La vista es el sentido más valorado para el 90% de los españoles. Sin embargo, no se suelen cuidar los ojos a conciencia para conservar su función. Existen hábitos y sencillos ejercicios que pueden alargar su buena salud y evitar afecciones comunes, como el ojo seco, las infecciones, las bolsas, la vista cansada…

Desobstruir la glándula lagrimal

La disfunción de las glándulas de meibomio –los puntitos del extremo interior del borde parpebral– es la principal causa del ojo seco, así como las costritas o suciedad que se acumula en las pestañas son causa de inflamación ocular
o conjuntivitis.

Esta rutina de higiene palpebral mejora y evita estos problemas:

  1. Aplicar calor sobre la superficie palpebral con un paño húmedo calentado en el microondas (40-45 oC) entre 5 y 10 minutos, para que la grasa que obstruye los conductos lagrimales se licue.
  2. Con algodón mojado en una solución salina (monodosis) a la que se echan unas gotas de champú para bebé, se frota los bordes inferior y superior del párpado, en la base de las pestañas, para desobstruirlos.
  3. Masajear el párpado, con una presión progresiva y de fuera adentro, a fin de exprimir las glándulas del interior.
  4. Lavar los ojos con un chorro de solución salina o con el lavado descrito a continuación.

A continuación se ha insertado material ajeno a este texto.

lemma sum_centered_eq_0:
  fixes f :: "('a::{field,finite}^'n) set \<Rightarrow> real" and k :: nat
  defines "N \<equiv> real (card (subspaces_of_dim k :: ('a^'n) set set))"
    and "\<Sigma> \<equiv> (\<Sum>A\<in>subspaces_of_dim k. f A)"
  shows "(\<Sum>A\<in>subspaces_of_dim k. f A - \<Sigma> / N) = 0"
  by (cases "N = 0") (auto simp: sum_subtractf N_def \<Sigma>_def)

lemma dot_centered:
  fixes f :: "('a::{field,finite}^'n) set \<Rightarrow> real" and k :: nat
  defines "N \<equiv> real (card (subspaces_of_dim k :: ('a^'n) set set))"
    and "\<Sigma> \<equiv> (\<Sum>A\<in>subspaces_of_dim k. f A)"
  shows "dot k (\<lambda>A. f A - \<Sigma> / N) (\<lambda>A. f A - \<Sigma> / N) = dot k f f - \<Sigma>\<^sup>2 / N"
proof -
  have "dot k (\<lambda>A. f A - \<Sigma> / N) (\<lambda>A. f A - \<Sigma> / N)
      = (\<Sum>A\<in>subspaces_of_dim k. f A * f A - 2 * (\<Sigma> / N) * f A + (\<Sigma> / N) * (\<Sigma> / N))"
    unfolding dot_def by (intro sum.cong refl) (simp add: algebra_simps)
  also have "\<dots> = dot k f f - 2 * (\<Sigma> / N) * \<Sigma> + N * (\<Sigma> / N) * (\<Sigma> / N)"
    unfolding dot_def sum.distrib sum_subtractf sum_distrib_left[symmetric] \<Sigma>_def[symmetric]
    by (simp add: N_def)
  also have "\<dots> = dot k f f - \<Sigma>\<^sup>2 / N"
    by (cases "N = 0") (simp_all add: power2_eq_square)
  finally show ?thesis .
qed

text \<open>Split f into its mean and a part g of sum zero; the mean contributes the trivial
  eigenvalue [k]_q [n-k+1]_q of up \<circ> down, and g is handled by dot_down_le.\<close>
lemma dot_down_self_le:
  fixes f :: "('a::{field,finite}^'n) set \<Rightarrow> real"
  assumes k: "k \<ge> 1" "k \<le> CARD('n)"
  defines "q \<equiv> real CARD('a)" and "N \<equiv> real (card (subspaces_of_dim k :: ('a^'n) set set))"
    and "\<Sigma> \<equiv> (\<Sum>A\<in>subspaces_of_dim k. f A)"
  shows "dot (k - 1) (down k f) (down k f)
       \<le> down_eigenvalue q CARD('n) k * (dot k f f - \<Sigma>\<^sup>2 / N)
         + qint q k * qint q (CARD('n) - (k - 1)) * \<Sigma>\<^sup>2 / N"
proof -
  let ?L = "subspaces_of_dim k :: ('a^'n) set set" and ?L' = "subspaces_of_dim (k - 1) :: ('a^'n) set set"
  let ?a = "qint q k" and ?b = "qint q (CARD('n) - (k - 1))"
  define \<mu> where "\<mu> = \<Sigma> / N"
  define g where "g = (\<lambda>A. f A - \<mu>)"
  have sum_g: "(\<Sum>A\<in>?L. g A) = 0" and dot_g: "dot k g g = dot k f f - \<Sigma>\<^sup>2 / N"
    unfolding g_def \<mu>_def N_def \<Sigma>_def by (rule sum_centered_eq_0, rule dot_centered)
  have down_f: "down k f C = down k g C + \<mu> * ?b" if "C \<in> ?L'" for C
  proof -
    have "down k f C = down k g C + \<mu> * down k (\<lambda>_. 1) C"
      unfolding down_def g_def sum_distrib_left sum.distrib[symmetric] by (intro sum.cong refl) auto
    then show ?thesis using down_one[OF that k(1)] by (simp add: q_def)
  qed
  have "dot (k - 1) (down k f) (down k f)
      = (\<Sum>C\<in>?L'. down k g C * down k g C + 2 * \<mu> * ?b * down k g C + \<mu>\<^sup>2 * ?b\<^sup>2)"
    unfolding dot_def using down_f by (intro sum.cong refl) (simp add: algebra_simps power2_eq_square)
  also have "\<dots> = dot (k - 1) (down k g) (down k g)
      + 2 * \<mu> * ?b * (\<Sum>C\<in>?L'. down k g C) + \<mu>\<^sup>2 * ?b\<^sup>2 * real (card ?L')"
    by (simp add: dot_def sum.distrib sum_distrib_left)
  also have "(\<Sum>C\<in>?L'. down k g C) = 0"
    using sum_down[OF k(1), of g] sum_g by (simp add: q_def)
  also have "\<mu>\<^sup>2 * ?b\<^sup>2 * real (card ?L') = \<mu>\<^sup>2 * ?b * (real (card ?L') * ?b)"
    by (simp add: power2_eq_square mult_ac)
  also have "real (card ?L') * ?b = N * ?a"
    using card_subspaces_of_dim_ratio[OF k(1), where 'a='a and 'n='n] by (simp add: q_def N_def)
  also have "\<mu>\<^sup>2 * ?b * (N * ?a) = ?a * ?b * \<Sigma>\<^sup>2 / N"
    by (cases "N = 0") (simp_all add: \<mu>_def power2_eq_square field_simps)
  also have "dot (k - 1) (down k g) (down k g) \<le> down_eigenvalue q CARD('n) k * dot k g g"
    using dot_down_le[OF k sum_g] by (simp add: q_def)
  finally show ?thesis by (simp add: dot_g)
qed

Lavado ocular, una práctica saludable

El lavado de ojos puede convertirse en una forma sana de cuidar diariamente los ojos. Para ello, hay que adquirir una bañera ocular en la farmacia, abrir los ojos unos segundos dentro de la solución salina (monodosis) y parpadear un poco.

Luego se secan los ojos y se aprovecha para limpiar los párpados y la base de las pestañas. Se recomienda hacerlo por la mañana y en los momentos del día en que se sientan los ojos irritados. Así se limpia la superficie ocular
y se previenen la inflamación y el cansancio.

Patatas para eliminar las bolsas de los ojos

Si se forman bolsas bajo los ojos, se pone una patata rallada en dos gasas, se enfría en la nevera y se aplica sobre los párpados 10 o 15 minutos. Los ojos descansan y las bolsas desaparecen. El resto lo hará un sueño reparador.

Parpadear para descansar la vista en el trabajo

Descansa cada hora levantándote para ir al baño o beber algo. Si no puedes, simplemente cierra los ojos un rato y parpadea exageradamente un momento. Cada 15 minutos conviene, además, mirar por la ventana hacia un lugar lo más lejano posible.

La clave para que los ojos se cansen menos es realizar las tareas con el máximo de relajación.

Vigilar la iluminación

Evita la luz directa del sol o artificial y usa lámparas que den luz indirecta, con bombillas de calidad. El parpadeo de los fluorescentes fatiga la vista. Se aconseja usar fluorescentes de luz de día, con un sistema de incremento de frecuencia de parpadeo (como quicktronic de osram).

Una buena iluminación ha de ser más o menos homogénea, sin zonas muy luminosas junto a otras oscuras: eso obliga a los ojos a adaptarse continuamente.

Ajustar la pantalla

No ahorres en la pantalla y compra una buena aunque tenga que ser más pequeña. Sebe ser LCD, con una tasa de refresco alta, y ha de colocarse a una distancia mínima aproximada de tu brazo estirado, a la altura de los ojos.

Usa un brillo similar a la iluminación. Si la pantalla deslumbra cuando la miras por detrás es que está demasiado fuerte. en los portátiles baratos se suele sacrificar la calidad de pantalla y tarjeta gráfica. No convienen los de gama muy baja.

Al copiar texto o datos, cuanta menos distancia haya entre papel y pantalla, o entre libro y papel, mejor para evitar enfocar-desenfocar continuamente.

Aumentar la humedad

En las oficinas la sequedad del ambiente (por el aire acondicionado o la calefacción) es un problema importante para ojos, oídos y fosas nasales. Se puede compensar echándose agua al ir al baño o colirio de manzanilla o eufrasiacada 2 horas.

En casa, lo ideal es poner un humidificador, que evitará la sequedad ocular y reducirá el cansancio visual.